# [Activity]
Set down, character for character, everything in the records below from the line holding "B \<le> card" down to the line holding "with uw \<open>w", and no other line.

# [Data records]
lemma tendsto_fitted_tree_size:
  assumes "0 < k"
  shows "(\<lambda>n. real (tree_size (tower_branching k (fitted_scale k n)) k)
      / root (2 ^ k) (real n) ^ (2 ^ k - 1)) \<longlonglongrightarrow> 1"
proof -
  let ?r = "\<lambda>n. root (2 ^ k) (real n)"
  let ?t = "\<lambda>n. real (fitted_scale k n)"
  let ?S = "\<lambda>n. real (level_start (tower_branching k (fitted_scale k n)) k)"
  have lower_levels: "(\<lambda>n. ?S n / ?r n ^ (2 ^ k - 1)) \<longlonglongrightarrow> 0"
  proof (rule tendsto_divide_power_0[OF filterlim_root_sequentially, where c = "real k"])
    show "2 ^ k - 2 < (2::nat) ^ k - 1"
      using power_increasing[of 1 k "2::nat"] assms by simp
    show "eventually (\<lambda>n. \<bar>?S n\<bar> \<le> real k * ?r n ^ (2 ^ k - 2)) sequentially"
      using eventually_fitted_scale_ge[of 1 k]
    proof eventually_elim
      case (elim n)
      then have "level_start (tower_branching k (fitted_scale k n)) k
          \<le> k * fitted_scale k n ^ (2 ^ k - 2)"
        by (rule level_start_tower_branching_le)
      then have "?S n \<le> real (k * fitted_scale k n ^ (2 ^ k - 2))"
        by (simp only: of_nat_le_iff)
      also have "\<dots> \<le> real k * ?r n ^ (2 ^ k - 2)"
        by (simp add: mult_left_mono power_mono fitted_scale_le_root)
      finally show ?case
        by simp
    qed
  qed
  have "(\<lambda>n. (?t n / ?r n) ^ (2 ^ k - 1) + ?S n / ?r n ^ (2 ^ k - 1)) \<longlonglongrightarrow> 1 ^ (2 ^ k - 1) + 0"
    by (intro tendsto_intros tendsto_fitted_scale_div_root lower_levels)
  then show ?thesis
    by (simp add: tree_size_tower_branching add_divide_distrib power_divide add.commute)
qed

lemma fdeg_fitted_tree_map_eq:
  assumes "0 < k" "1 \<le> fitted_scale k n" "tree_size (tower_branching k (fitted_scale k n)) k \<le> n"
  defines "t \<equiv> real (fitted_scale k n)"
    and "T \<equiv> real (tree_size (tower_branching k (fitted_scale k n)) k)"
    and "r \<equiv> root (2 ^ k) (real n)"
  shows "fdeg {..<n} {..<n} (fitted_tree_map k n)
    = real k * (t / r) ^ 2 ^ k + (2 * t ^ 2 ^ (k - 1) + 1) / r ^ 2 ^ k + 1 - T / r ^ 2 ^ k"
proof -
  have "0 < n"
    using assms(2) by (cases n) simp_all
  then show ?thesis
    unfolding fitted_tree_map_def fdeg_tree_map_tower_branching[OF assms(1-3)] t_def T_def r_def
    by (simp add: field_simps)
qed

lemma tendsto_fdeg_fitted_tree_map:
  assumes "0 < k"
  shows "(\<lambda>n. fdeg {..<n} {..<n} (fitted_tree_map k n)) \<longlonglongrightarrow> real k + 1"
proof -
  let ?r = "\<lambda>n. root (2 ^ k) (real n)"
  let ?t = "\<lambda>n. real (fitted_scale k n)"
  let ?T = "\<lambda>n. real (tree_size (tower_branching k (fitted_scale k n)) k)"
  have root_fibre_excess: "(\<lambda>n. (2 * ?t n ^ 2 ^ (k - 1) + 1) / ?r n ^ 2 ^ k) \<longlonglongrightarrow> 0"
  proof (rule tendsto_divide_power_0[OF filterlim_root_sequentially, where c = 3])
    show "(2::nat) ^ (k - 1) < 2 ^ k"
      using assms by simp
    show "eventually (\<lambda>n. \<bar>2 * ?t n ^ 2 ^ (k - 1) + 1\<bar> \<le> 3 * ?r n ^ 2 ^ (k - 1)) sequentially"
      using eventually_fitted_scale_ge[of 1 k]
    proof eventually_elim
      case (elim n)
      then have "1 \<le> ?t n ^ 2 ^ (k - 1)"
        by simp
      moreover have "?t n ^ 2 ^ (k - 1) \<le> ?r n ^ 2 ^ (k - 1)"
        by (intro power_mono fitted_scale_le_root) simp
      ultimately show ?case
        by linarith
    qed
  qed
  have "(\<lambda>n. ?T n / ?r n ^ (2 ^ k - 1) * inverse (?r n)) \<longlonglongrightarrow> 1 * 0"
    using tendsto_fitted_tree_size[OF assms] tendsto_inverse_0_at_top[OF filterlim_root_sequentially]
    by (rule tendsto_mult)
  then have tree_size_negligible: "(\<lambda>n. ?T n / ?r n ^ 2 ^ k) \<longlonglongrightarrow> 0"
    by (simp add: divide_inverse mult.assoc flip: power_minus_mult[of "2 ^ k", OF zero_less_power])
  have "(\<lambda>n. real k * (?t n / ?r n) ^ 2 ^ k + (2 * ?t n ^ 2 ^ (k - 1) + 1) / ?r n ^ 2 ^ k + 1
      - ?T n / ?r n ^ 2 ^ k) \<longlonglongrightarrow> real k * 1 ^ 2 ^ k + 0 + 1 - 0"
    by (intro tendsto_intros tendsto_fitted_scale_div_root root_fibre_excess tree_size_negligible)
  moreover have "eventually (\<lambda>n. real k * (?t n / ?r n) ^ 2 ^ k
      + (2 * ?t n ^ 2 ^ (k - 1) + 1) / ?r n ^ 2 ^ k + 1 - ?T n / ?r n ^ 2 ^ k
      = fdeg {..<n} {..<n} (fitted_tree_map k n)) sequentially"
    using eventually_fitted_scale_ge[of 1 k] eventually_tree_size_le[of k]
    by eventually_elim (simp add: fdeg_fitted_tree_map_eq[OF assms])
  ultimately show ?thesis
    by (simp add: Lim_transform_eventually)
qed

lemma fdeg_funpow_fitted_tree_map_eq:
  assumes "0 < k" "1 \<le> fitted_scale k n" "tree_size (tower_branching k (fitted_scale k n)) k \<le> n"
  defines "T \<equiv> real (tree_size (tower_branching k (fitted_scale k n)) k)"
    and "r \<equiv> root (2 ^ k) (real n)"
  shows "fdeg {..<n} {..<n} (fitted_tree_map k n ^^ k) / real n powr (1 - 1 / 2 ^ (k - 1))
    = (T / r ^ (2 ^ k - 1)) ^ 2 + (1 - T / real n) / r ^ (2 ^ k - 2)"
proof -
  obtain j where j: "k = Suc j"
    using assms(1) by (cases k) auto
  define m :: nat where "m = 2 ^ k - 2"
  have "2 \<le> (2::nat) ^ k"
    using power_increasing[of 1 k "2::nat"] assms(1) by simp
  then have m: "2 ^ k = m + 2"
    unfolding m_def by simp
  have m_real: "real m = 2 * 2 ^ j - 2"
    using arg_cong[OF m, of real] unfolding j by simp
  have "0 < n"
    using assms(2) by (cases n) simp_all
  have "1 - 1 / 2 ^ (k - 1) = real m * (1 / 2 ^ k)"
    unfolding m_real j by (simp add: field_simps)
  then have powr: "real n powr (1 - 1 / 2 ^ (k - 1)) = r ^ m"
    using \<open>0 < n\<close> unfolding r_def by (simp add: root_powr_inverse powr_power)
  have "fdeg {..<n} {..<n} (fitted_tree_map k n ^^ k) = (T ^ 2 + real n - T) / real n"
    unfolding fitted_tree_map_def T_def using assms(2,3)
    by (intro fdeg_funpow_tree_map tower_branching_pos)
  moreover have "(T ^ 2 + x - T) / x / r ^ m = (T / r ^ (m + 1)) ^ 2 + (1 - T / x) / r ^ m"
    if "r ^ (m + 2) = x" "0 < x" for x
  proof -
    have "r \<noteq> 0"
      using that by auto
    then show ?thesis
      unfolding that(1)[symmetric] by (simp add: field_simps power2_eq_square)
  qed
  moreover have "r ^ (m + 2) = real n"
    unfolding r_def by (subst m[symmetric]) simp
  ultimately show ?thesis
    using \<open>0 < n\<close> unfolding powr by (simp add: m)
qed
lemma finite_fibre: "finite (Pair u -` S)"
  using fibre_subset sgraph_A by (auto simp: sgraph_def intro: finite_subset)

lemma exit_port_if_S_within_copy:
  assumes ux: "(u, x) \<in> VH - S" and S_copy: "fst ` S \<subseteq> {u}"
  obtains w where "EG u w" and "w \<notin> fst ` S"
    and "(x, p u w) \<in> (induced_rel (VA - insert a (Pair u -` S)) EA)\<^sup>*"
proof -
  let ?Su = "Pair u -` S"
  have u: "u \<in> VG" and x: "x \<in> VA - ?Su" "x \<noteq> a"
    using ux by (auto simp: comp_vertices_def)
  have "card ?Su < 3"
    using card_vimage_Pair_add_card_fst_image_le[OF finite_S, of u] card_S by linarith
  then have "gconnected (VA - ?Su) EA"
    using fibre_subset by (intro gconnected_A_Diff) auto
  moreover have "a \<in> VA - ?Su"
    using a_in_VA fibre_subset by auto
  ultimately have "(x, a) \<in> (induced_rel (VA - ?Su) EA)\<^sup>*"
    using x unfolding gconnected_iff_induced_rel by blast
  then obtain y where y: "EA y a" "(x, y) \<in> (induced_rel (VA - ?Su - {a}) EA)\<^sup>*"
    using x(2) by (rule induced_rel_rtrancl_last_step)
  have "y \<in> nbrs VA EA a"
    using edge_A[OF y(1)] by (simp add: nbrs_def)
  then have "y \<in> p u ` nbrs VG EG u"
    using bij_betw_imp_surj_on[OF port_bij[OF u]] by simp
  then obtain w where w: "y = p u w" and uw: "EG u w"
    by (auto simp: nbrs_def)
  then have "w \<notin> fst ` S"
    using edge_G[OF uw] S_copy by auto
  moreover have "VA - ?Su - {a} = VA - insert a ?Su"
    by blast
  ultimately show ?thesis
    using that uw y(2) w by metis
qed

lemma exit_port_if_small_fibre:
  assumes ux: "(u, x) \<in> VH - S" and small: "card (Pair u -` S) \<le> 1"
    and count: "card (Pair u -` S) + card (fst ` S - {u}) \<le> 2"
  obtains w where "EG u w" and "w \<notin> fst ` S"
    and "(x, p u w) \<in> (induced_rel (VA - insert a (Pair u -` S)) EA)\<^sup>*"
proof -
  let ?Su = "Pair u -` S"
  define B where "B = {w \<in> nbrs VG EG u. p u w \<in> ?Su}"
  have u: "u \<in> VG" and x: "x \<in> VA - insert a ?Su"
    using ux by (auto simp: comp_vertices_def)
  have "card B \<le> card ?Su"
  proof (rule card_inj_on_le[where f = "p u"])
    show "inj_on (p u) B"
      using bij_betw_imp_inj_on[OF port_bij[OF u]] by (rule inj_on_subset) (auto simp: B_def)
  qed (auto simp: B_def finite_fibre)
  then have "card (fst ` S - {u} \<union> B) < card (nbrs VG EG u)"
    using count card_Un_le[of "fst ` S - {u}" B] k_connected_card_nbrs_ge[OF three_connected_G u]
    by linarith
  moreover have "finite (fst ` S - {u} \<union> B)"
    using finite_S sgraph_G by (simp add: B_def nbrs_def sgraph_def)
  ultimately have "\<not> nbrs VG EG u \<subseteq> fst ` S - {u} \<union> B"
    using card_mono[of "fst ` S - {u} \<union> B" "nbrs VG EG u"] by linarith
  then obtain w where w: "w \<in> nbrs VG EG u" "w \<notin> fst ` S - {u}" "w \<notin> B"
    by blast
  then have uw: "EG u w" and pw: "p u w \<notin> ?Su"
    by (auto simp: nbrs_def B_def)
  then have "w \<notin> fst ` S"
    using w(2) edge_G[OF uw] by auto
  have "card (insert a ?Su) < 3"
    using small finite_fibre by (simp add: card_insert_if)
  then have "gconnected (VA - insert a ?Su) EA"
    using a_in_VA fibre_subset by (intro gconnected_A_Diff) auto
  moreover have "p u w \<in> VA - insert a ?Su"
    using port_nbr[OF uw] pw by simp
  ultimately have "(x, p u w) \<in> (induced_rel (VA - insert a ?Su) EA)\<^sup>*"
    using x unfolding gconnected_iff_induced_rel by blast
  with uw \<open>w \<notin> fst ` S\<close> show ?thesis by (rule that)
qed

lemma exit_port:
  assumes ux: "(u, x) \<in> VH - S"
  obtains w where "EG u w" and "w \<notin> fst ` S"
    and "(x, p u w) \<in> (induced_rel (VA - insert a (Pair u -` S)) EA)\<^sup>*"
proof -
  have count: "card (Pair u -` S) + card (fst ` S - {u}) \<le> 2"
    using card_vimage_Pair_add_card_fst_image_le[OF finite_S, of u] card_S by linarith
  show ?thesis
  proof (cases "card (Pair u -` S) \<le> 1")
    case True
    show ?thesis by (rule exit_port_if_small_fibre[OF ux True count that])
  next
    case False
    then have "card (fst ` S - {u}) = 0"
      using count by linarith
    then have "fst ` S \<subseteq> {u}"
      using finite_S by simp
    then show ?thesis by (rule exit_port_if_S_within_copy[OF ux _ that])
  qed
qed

# [Completed task]
  have "card B \<le> card ?Su"
  proof (rule card_inj_on_le[where f = "p u"])
    show "inj_on (p u) B"
      using bij_betw_imp_inj_on[OF port_bij[OF u]] by (rule inj_on_subset) (auto simp: B_def)
  qed (auto simp: B_def finite_fibre)
  then have "card (fst ` S - {u} \<union> B) < card (nbrs VG EG u)"
    using count card_Un_le[of "fst ` S - {u}" B] k_connected_card_nbrs_ge[OF three_connected_G u]
    by linarith
  moreover have "finite (fst ` S - {u} \<union> B)"
    using finite_S sgraph_G by (simp add: B_def nbrs_def sgraph_def)
  ultimately have "\<not> nbrs VG EG u \<subseteq> fst ` S - {u} \<union> B"
    using card_mono[of "fst ` S - {u} \<union> B" "nbrs VG EG u"] by linarith
  then obtain w where w: "w \<in> nbrs VG EG u" "w \<notin> fst ` S - {u}" "w \<notin> B"
    by blast
  then have uw: "EG u w" and pw: "p u w \<notin> ?Su"
    by (auto simp: nbrs_def B_def)
  then have "w \<notin> fst ` S"
    using w(2) edge_G[OF uw] by auto
  have "card (insert a ?Su) < 3"
    using small finite_fibre by (simp add: card_insert_if)
  then have "gconnected (VA - insert a ?Su) EA"
    using a_in_VA fibre_subset by (intro gconnected_A_Diff) auto
  moreover have "p u w \<in> VA - insert a ?Su"
    using port_nbr[OF uw] pw by simp
  ultimately have "(x, p u w) \<in> (induced_rel (VA - insert a ?Su) EA)\<^sup>*"
    using x unfolding gconnected_iff_induced_rel by blast
  with uw \<open>w \<notin> fst ` S\<close> show ?thesis by (rule that)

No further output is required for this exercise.